Exercise instructions: Transcribe word for word the lines below from the line with "theory Defs" through the line with "set \<Rightarrow> nat", ends included.

Collected data:
________

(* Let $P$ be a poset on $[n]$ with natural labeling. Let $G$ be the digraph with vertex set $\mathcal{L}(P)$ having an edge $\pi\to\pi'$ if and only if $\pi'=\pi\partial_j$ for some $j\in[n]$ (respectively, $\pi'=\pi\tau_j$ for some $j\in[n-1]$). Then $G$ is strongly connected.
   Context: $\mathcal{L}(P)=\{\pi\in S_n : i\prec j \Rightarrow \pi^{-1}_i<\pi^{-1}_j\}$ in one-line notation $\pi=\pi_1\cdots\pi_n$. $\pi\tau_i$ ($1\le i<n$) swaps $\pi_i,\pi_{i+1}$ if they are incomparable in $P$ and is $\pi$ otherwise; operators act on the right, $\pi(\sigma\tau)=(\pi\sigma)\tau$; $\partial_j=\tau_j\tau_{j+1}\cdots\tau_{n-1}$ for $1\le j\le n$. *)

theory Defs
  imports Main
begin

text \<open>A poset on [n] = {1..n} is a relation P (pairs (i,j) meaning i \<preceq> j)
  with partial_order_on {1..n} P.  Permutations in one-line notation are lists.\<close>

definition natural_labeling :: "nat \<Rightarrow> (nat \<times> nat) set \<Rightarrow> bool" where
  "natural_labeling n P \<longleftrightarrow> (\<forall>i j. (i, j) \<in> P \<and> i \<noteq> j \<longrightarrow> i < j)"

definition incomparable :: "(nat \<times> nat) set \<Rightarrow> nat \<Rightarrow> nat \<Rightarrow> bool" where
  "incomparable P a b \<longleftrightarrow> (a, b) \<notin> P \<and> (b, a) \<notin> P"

________

Answer to the problem:
theory Defs
  imports Main
begin

text \<open>A poset on [n] = {1..n} is a relation P (pairs (i,j) meaning i \<preceq> j)
  with partial_order_on {1..n} P.  Permutations in one-line notation are lists.\<close>

definition natural_labeling :: "nat \<Rightarrow> (nat \<times> nat) set \<Rightarrow> bool" where
  "natural_labeling n P \<longleftrightarrow> (\<forall>i j. (i, j) \<in> P \<and> i \<noteq> j \<longrightarrow> i < j)"

definition incomparable :: "(nat \<times> nat) set \<Rightarrow> nat \<Rightarrow> nat \<Rightarrow> bool" where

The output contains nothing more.